More coming. Target is 40 checks covering most dangerous Postgres operations.

Why This Matters for Rust

The Rust ecosystem has great tooling. clippy lints your code. cargo audit catches security problems. But we didn't have anything for database migrations.

I've seen too many production incidents from migrations. The fix is usually obvious in hindsight, but you only find out when it's causing downtime.

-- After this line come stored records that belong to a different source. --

(* Let $X$ be a non-degenerate commutative Banach algebra and $a\in X$. Suppose there is a derivation $M$ on $X$ with $Ma\neq0$. Then $cI+M_a$ is not supercyclic for every $c\in\mathbb{K}$. If additionally there exists $R\in L(X)$ with dense range, commuting with $M_a$, and with $R(X)\subseteq Y$ for some Banach space $Y\in\mathcal{Y}$ embedded into $X$, then $cI+M_a$ is not weakly supercyclic for every $c\in\mathbb{K}$.
   Context: Banach algebras need not be unital; $M_ab=ab$; $X$ is non-degenerate if $M_a=0$ implies $a=0$. A derivation on $X$ is $M\in L(X)$ with $M(ab)=(Ma)b+a(Mb)$ for all $a,b$. $T$ is supercyclic (resp. weakly supercyclic) if for some $x$ the set $\{zT^nx:z\in\mathbb{K},n\in\mathbb{Z}_+\}$ is norm (resp. weakly) dense. A Banach space $Y$ embedded into $X$ is a linear subspace of $X$ with its own complete norm inducing a topology stronger than the inherited one. $\mathcal{Y}$ is the class of Banach spaces $X$ such that for every sequence $(x_n)$ in $X$ with $n=O(\|x_n\|)$ as $n\to\infty$, the set $\{x_n:n\in\mathbb{Z}_+\}$ is weakly closed. *)

theory Defs
  imports "HOL-Analysis.Analysis" "HOL-Library.Landau_Symbols"
begin

text \<open>Scalar field K: real (cplx = False) or complex (cplx = True).
  A complex structure on a real Banach algebra is encoded by an operator J
  (multiplication by i); complex scalar z acts as Re z *R x + Im z *R J x.\<close>

definition scal :: "('a::real_vector \<Rightarrow> 'a) \<Rightarrow> complex \<Rightarrow> 'a \<Rightarrow> 'a" where
  "scal J z x = Re z *\<^sub>R x + Im z *\<^sub>R J x"

definition scalars :: "bool \<Rightarrow> complex set" where
  "scalars cplx = (if cplx then UNIV else \<real>)"

definition scalar_structure ::
  "bool \<Rightarrow> ('a::{real_normed_algebra, comm_ring} \<Rightarrow> 'a) \<Rightarrow> bool" where
  "scalar_structure cplx J =
    (if cplx then
       bounded_linear J \<and> (\<forall>x. J (J x) = - x) \<and> (\<forall>x y. J (x * y) = J x * y)
       \<and> (\<forall>z x. norm (scal J z x) = cmod z * norm x)
     else J = (\<lambda>x. 0))"

definition lin_op :: "bool \<Rightarrow> ('a::real_normed_vector \<Rightarrow> 'a) \<Rightarrow> ('a \<Rightarrow> 'a) \<Rightarrow> bool" where
  "lin_op cplx J T = (bounded_linear T \<and>
     (\<forall>z\<in>scalars cplx. \<forall>x. T (scal J z x) = scal J z (T x)))"

definition non_degenerate :: "'a::{real_normed_algebra, comm_ring} itself \<Rightarrow> bool" where
  "non_degenerate _ = (\<forall>a::'a. (\<forall>b. a * b = 0) \<longrightarrow> a = 0)"

definition derivation ::
  "bool \<Rightarrow> ('a::{real_normed_algebra, comm_ring} \<Rightarrow> 'a) \<Rightarrow> ('a \<Rightarrow> 'a) \<Rightarrow> bool" where
  "derivation cplx J M = (lin_op cplx J M \<and> (\<forall>a b. M (a * b) = M a * b + a * M b))"

definition orbit_cone ::
  "bool \<Rightarrow> ('a::real_vector \<Rightarrow> 'a) \<Rightarrow> ('a \<Rightarrow> 'a) \<Rightarrow> 'a \<Rightarrow> 'a set" where
  "orbit_cone cplx J T x = {scal J z ((T ^^ n) x) | z n. z \<in> scalars cplx}"

definition supercyclic ::
  "bool \<Rightarrow> ('a::real_normed_vector \<Rightarrow> 'a) \<Rightarrow> ('a \<Rightarrow> 'a) \<Rightarrow> bool" where
  "supercyclic cplx J T = (\<exists>x. closure (orbit_cone cplx J T x) = UNIV)"

text \<open>Weak density: every basic weak neighbourhood of every point meets S.
  Real-valued bounded real-linear functionals generate the weak topology
  (also in the complex case, via real parts).\<close>
definition weakly_dense :: "'a::real_normed_vector set \<Rightarrow> bool" where
  "weakly_dense S = (\<forall>x. \<forall>F::('a \<Rightarrow> real) set. \<forall>e>0.
      finite F \<and> (\<forall>f\<in>F. bounded_linear f) \<longrightarrow>
      (\<exists>s\<in>S. \<forall>f\<in>F. \<bar>f s - f x\<bar> < e))"

definition weakly_supercyclic ::
  "bool \<Rightarrow> ('a::real_normed_vector \<Rightarrow> 'a) \<Rightarrow> ('a \<Rightarrow> 'a) \<Rightarrow> bool" where
  "weakly_supercyclic cplx J T = (\<exists>x. weakly_dense (orbit_cone cplx J T x))"

definition embedded_banach ::
  "bool \<Rightarrow> ('a::real_normed_vector \<Rightarrow> 'a) \<Rightarrow> 'a set \<Rightarrow> ('a \<Rightarrow> real) \<Rightarrow> bool" where
  "embedded_banach cplx J Y nY =
    (0 \<in> Y \<and> (\<forall>x\<in>Y. \<forall>y\<in>Y. x + y \<in> Y) \<and> (\<forall>z\<in>scalars cplx. \<forall>y\<in>Y. scal J z y \<in> Y)
     \<and> (\<forall>y\<in>Y. 0 \<le> nY y \<and> (nY y = 0 \<longleftrightarrow> y = 0))
     \<and> (\<forall>x\<in>Y. \<forall>y\<in>Y. nY (x + y) \<le> nY x + nY y)
     \<and> (\<forall>z\<in>scalars cplx. \<forall>y\<in>Y. nY (scal J z y) = cmod z * nY y)
     \<and> (\<forall>s::nat \<Rightarrow> 'a. (\<forall>n. s n \<in> Y) \<and>
           (\<forall>e>0. \<exists>N. \<forall>m\<ge>N. \<forall>n\<ge>N. nY (s m - s n) < e) \<longrightarrow>
           (\<exists>y\<in>Y. \<forall>e>0. \<exists>N. \<forall>n\<ge>N. nY (s n - y) < e))
     \<and> (\<forall>y\<in>Y. \<forall>e>0. \<exists>d>0. \<forall>y'\<in>Y. nY (y' - y) < d \<longrightarrow> norm (y' - y) < e))"

definition Y_functional :: "'a::real_vector set \<Rightarrow> ('a \<Rightarrow> real) \<Rightarrow> ('a \<Rightarrow> real) \<Rightarrow> bool" where
  "Y_functional Y nY f = ((\<forall>x\<in>Y. \<forall>y\<in>Y. f (x + y) = f x + f y)
     \<and> (\<forall>r. \<forall>y\<in>Y. f (r *\<^sub>R y) = r * f y)
     \<and> (\<exists>K. \<forall>y\<in>Y. \<bar>f y\<bar> \<le> K * nY y))"

definition weakly_closed_in :: "'a::real_vector set \<Rightarrow> ('a \<Rightarrow> real) \<Rightarrow> 'a set \<Rightarrow> bool" where
  "weakly_closed_in Y nY S = (S \<subseteq> Y \<and>
     (\<forall>y\<in>Y - S. \<exists>F e. finite F \<and> (\<forall>f\<in>F. Y_functional Y nY f) \<and> e > 0 \<and>
        (\<forall>y'\<in>Y. (\<forall>f\<in>F. \<bar>f y' - f y\<bar> < e) \<longrightarrow> y' \<notin> S)))"

definition in_class_Y :: "'a::real_vector set \<Rightarrow> ('a \<Rightarrow> real) \<Rightarrow> bool" where
  "in_class_Y Y nY = (\<forall>xs::nat \<Rightarrow> 'a. (\<forall>n. xs n \<in> Y) \<and>
      (\<lambda>n. real n) \<in> O(\<lambda>n. nY (xs n)) \<longrightarrow> weakly_closed_in Y nY (range xs))"

end

theory Submission
  imports Defs
begin

text \<open>
  The argument
  proves this for every c.

  Writing b = M a, the key identity is T (W_x (T^n x)) = -n b x T^n x for the Wronskian-type
  map W_x u = u M x - x M u.  Hence on the orbit cone of x the two bounded functionals
  u \<mapsto> g (T (W_x u)) and u \<mapsto> g (b x u) have a non-positive integer ratio, which is
  incompatible with weak density once g is chosen non-zero at b x x and T (b x x).  These two
  elements are non-zero because a weakly dense set cannot lie in a union of two proper closed
  subspaces, and a non-degenerate algebra spanned by a single vector has no non-zero derivation.
\<close>

text \<open>A set G of pairs is the graph of a real-linear functional on some subspace,
  dominated there by p.  Hahn-Banach is proved by enlarging such graphs.\<close>

definition dominated_graph :: "('a::real_vector \<Rightarrow> real) \<Rightarrow> ('a \<times> real) set \<Rightarrow> bool" where
  "dominated_graph p G \<longleftrightarrow>
     (\<forall>u a b. (u, a) \<in> G \<longrightarrow> (u, b) \<in> G \<longrightarrow> a = b)
   \<and> (\<forall>u a v b. (u, a) \<in> G \<longrightarrow> (v, b) \<in> G \<longrightarrow> (u + v, a + b) \<in> G)
   \<and> (\<forall>u a r. (u, a) \<in> G \<longrightarrow> (r *\<^sub>R u, r * a) \<in> G)
   \<and> (\<forall>u a. (u, a) \<in> G \<longrightarrow> a \<le> p u)"

lemma dominated_graphD:
  assumes "dominated_graph p G"
  shows dominated_graph_unique: "(u, a) \<in> G \<Longrightarrow> (u, b) \<in> G \<Longrightarrow> a = b"
    and dominated_graph_add: "(u, a) \<in> G \<Longrightarrow> (v, b) \<in> G \<Longrightarrow> (u + v, a + b) \<in> G"
    and dominated_graph_scale: "(u, a) \<in> G \<Longrightarrow> (r *\<^sub>R u, r * a) \<in> G"
    and dominated_graph_le: "(u, a) \<in> G \<Longrightarrow> a \<le> p u"
  using assms unfolding dominated_graph_def by blast+

lemma dominated_graph_Union_chain:
  assumes chain: "subset.chain {G. dominated_graph p G} C"
  shows "dominated_graph p (\<Union>C)"
proof -
  have dom: "\<And>G. G \<in> C \<Longrightarrow> dominated_graph p G"
    and lin: "\<And>G H. G \<in> C \<Longrightarrow> H \<in> C \<Longrightarrow> G \<subseteq> H \<or> H \<subseteq> G"
    using chain unfolding subset.chain_def by auto
  have common: "\<exists>G\<in>C. P \<in> G \<and> Q \<in> G" if "P \<in> \<Union>C" "Q \<in> \<Union>C" for P Q
    using that lin by blast
  show ?thesis
    unfolding dominated_graph_def
  proof (intro conjI allI impI)
    fix u a b assume "(u, a) \<in> \<Union>C" "(u, b) \<in> \<Union>C"
    then show "a = b" using common dom dominated_graph_unique by metis
  next
    fix u a v b assume "(u, a) \<in> \<Union>C" "(v, b) \<in> \<Union>C"
    then show "(u + v, a + b) \<in> \<Union>C" using common dom dominated_graph_add by (metis UnionI)
  next
    fix u a r assume "(u, a) \<in> \<Union>C"
    then show "(r *\<^sub>R u, r * a) \<in> \<Union>C" using dom dominated_graph_scale by blast
  next
    fix u a assume "(u, a) \<in> \<Union>C"
    then show "a \<le> p u" using dom dominated_graph_le by blast
  qed
qed

lemma dominated_graph_extension_value:
  fixes p :: "'a::real_vector \<Rightarrow> real"
  assumes sub: "\<And>u v. p (u + v) \<le> p u + p v"
    and G: "dominated_graph p G" and zero: "(0, 0) \<in> G"
  obtains c where "\<And>v a. (v, a) \<in> G \<Longrightarrow> a - p (v - z) \<le> c"
    and "\<And>w b. (w, b) \<in> G \<Longrightarrow> c \<le> p (w + z) - b"
proof
  define S where "S = {a - p (v - z) | v a. (v, a) \<in> G}"
  have bound: "a - p (v - z) \<le> p (w + z) - b" if "(v, a) \<in> G" "(w, b) \<in> G" for v a w b
  proof -
    have "a + b \<le> p (v + w)" using dominated_graph_le[OF G dominated_graph_add[OF G that]] .
    also have "\<dots> = p ((v - z) + (w + z))" by (simp add: algebra_simps)
    also have "\<dots> \<le> p (v - z) + p (w + z)" by (rule sub)
    finally show ?thesis by simp
  qed
  have "bdd_above S"
    using bound[OF _ zero] unfolding S_def by (auto intro!: bdd_aboveI[of _ "p (0 + z) - 0"])
  then show "a - p (v - z) \<le> Sup S" if "(v, a) \<in> G" for v a
    using that by (auto simp: S_def intro!: cSup_upper)
  show "Sup S \<le> p (w + z) - b" if "(w, b) \<in> G" for w b
    using zero bound that unfolding S_def by (auto intro!: cSup_least)
qed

diesel-guard brings the fix forward to development time.

Should You Use This?

Maybe you're thinking "my tables are small."

Tables grow. The users table with 100 rows today might have a million rows next year. The migration that's instant now might take minutes then.

Building safe migrations from the start is way easier than fixing them during an incident. And diesel-guard takes a couple seconds to run.

Wrapping Up

Database migrations can be tricky. Operations that look perfectly safe can cause serious production issues. The gap between how they behave in staging versus production can be huge, and often you only find out when it's too late.

Static analysis can catch these problems early. Whether you use diesel-guard or build your own checks, having something review your migrations before they reach production is worth it. The patterns are well-documented and you just need tooling to enforce them.

Building safety into your database migration workflow pays off.